(Extracted data entries)

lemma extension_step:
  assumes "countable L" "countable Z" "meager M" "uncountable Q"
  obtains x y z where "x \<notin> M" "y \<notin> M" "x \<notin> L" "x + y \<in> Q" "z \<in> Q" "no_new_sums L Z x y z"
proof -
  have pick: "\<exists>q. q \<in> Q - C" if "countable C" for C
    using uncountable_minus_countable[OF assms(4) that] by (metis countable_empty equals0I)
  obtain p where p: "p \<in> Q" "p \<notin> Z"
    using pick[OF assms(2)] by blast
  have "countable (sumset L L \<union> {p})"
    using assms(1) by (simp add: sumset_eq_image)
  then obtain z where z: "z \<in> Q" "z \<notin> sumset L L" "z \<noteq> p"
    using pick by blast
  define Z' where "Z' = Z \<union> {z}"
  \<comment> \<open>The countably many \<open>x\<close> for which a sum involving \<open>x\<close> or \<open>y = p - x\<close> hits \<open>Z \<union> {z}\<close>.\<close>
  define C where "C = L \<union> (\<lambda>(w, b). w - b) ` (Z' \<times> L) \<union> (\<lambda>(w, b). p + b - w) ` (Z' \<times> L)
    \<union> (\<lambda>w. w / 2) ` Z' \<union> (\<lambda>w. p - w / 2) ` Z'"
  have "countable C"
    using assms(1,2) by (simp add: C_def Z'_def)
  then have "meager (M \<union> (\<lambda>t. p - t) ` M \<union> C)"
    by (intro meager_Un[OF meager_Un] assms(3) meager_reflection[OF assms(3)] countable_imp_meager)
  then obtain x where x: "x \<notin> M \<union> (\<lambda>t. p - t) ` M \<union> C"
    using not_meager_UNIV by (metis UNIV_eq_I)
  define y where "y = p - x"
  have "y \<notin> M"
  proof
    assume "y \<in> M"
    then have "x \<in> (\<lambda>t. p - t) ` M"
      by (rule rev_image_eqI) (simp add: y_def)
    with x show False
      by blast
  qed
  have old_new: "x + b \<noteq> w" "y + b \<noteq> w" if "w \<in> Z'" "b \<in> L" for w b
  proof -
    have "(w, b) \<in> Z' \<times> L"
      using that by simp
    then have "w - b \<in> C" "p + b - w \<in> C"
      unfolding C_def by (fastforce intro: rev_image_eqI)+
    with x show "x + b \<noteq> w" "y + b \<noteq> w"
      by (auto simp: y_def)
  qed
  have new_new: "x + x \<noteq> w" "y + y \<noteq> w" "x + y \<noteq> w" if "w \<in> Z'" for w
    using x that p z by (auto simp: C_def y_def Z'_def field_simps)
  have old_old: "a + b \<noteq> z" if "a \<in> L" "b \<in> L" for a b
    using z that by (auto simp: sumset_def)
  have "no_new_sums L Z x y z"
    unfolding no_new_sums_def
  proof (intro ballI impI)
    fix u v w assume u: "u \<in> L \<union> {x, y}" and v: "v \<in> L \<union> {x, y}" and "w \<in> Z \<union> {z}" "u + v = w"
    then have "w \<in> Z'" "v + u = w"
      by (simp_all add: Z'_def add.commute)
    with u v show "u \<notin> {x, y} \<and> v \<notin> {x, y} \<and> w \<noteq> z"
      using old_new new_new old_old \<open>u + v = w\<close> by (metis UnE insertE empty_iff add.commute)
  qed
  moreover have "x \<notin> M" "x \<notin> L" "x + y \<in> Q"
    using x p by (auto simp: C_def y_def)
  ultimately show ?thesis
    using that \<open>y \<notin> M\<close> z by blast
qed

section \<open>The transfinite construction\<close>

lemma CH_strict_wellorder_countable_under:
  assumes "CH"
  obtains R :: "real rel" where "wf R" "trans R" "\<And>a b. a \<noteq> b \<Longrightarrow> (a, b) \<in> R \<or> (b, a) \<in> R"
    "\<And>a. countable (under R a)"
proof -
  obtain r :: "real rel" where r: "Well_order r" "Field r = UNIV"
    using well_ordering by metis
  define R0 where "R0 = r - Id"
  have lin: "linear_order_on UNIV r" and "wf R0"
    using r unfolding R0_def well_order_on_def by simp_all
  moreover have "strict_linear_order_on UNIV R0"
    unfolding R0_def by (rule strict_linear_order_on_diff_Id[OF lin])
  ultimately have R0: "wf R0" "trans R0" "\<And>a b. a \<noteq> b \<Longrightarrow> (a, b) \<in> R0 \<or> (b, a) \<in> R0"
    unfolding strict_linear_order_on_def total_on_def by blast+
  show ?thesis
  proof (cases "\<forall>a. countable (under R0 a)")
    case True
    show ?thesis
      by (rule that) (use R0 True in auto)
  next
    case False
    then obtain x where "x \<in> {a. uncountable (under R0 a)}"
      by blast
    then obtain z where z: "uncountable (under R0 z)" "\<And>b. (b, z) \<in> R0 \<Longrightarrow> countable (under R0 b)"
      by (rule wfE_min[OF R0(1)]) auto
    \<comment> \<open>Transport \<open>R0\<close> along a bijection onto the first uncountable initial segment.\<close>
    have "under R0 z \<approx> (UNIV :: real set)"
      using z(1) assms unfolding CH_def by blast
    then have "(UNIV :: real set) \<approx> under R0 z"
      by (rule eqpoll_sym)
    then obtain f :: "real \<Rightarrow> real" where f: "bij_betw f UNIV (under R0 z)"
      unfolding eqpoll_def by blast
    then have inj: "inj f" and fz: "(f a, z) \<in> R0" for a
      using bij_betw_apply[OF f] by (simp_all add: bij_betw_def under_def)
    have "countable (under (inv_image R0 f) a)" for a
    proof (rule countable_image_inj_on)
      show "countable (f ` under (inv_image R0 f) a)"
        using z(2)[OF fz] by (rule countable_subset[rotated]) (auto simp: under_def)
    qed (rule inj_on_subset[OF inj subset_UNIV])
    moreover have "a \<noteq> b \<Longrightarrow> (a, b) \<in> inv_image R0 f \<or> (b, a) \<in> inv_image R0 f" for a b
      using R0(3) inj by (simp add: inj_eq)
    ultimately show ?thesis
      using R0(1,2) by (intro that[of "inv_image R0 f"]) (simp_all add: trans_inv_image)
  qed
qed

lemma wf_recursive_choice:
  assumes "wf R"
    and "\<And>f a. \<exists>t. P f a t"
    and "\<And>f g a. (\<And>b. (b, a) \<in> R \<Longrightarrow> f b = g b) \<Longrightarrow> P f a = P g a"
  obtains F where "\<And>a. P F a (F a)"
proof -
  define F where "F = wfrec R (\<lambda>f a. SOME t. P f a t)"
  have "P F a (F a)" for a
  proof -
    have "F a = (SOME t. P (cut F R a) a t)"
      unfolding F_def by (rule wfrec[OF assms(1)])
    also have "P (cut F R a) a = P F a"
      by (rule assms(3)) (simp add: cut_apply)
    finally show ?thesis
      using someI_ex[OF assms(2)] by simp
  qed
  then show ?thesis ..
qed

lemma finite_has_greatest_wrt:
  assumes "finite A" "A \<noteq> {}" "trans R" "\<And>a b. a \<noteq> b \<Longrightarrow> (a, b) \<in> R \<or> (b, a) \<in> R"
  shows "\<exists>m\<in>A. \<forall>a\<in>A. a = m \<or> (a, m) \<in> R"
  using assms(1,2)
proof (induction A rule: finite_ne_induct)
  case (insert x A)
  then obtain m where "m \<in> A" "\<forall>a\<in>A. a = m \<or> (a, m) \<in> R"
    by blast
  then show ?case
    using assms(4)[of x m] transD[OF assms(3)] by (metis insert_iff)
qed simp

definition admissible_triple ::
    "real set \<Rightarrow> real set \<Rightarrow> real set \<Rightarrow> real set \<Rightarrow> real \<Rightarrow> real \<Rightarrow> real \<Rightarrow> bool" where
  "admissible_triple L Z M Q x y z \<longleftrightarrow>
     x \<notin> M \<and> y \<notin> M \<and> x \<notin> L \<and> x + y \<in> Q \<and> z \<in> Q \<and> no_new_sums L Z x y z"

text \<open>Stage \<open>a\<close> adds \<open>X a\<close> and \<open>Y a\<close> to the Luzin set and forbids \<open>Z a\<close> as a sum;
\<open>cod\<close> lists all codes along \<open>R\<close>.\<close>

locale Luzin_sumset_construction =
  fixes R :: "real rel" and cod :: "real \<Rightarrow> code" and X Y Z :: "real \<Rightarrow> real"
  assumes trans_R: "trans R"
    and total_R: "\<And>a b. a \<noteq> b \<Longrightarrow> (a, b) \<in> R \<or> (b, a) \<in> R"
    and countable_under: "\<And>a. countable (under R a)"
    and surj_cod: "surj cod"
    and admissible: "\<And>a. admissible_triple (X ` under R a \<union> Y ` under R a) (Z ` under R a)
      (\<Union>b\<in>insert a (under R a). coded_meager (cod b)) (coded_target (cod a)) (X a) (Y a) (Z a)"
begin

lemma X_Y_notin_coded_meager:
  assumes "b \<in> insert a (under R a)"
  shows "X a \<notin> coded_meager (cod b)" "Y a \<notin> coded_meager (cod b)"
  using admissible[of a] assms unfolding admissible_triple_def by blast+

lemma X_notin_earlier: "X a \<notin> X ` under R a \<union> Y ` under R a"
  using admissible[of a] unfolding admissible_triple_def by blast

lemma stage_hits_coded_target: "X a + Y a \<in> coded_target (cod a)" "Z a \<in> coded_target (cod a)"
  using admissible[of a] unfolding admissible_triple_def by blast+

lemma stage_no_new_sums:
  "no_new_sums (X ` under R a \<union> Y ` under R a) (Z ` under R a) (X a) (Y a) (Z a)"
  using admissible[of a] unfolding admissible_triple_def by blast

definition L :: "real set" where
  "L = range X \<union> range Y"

§ **Problem to solve**
Given the records above, restate word for word only the lines starting at the one with "using pick[OF assms(2)] by blast" and ending at the one with "countably many \<open>x\<close>".

§ **Output of the exercise**
    using pick[OF assms(2)] by blast
  have "countable (sumset L L \<union> {p})"
    using assms(1) by (simp add: sumset_eq_image)
  then obtain z where z: "z \<in> Q" "z \<notin> sumset L L" "z \<noteq> p"
    using pick by blast
  define Z' where "Z' = Z \<union> {z}"
  \<comment> \<open>The countably many \<open>x\<close> for which a sum involving \<open>x\<close> or \<open>y = p - x\<close> hits \<open>Z \<union> {z}\<close>.\<close>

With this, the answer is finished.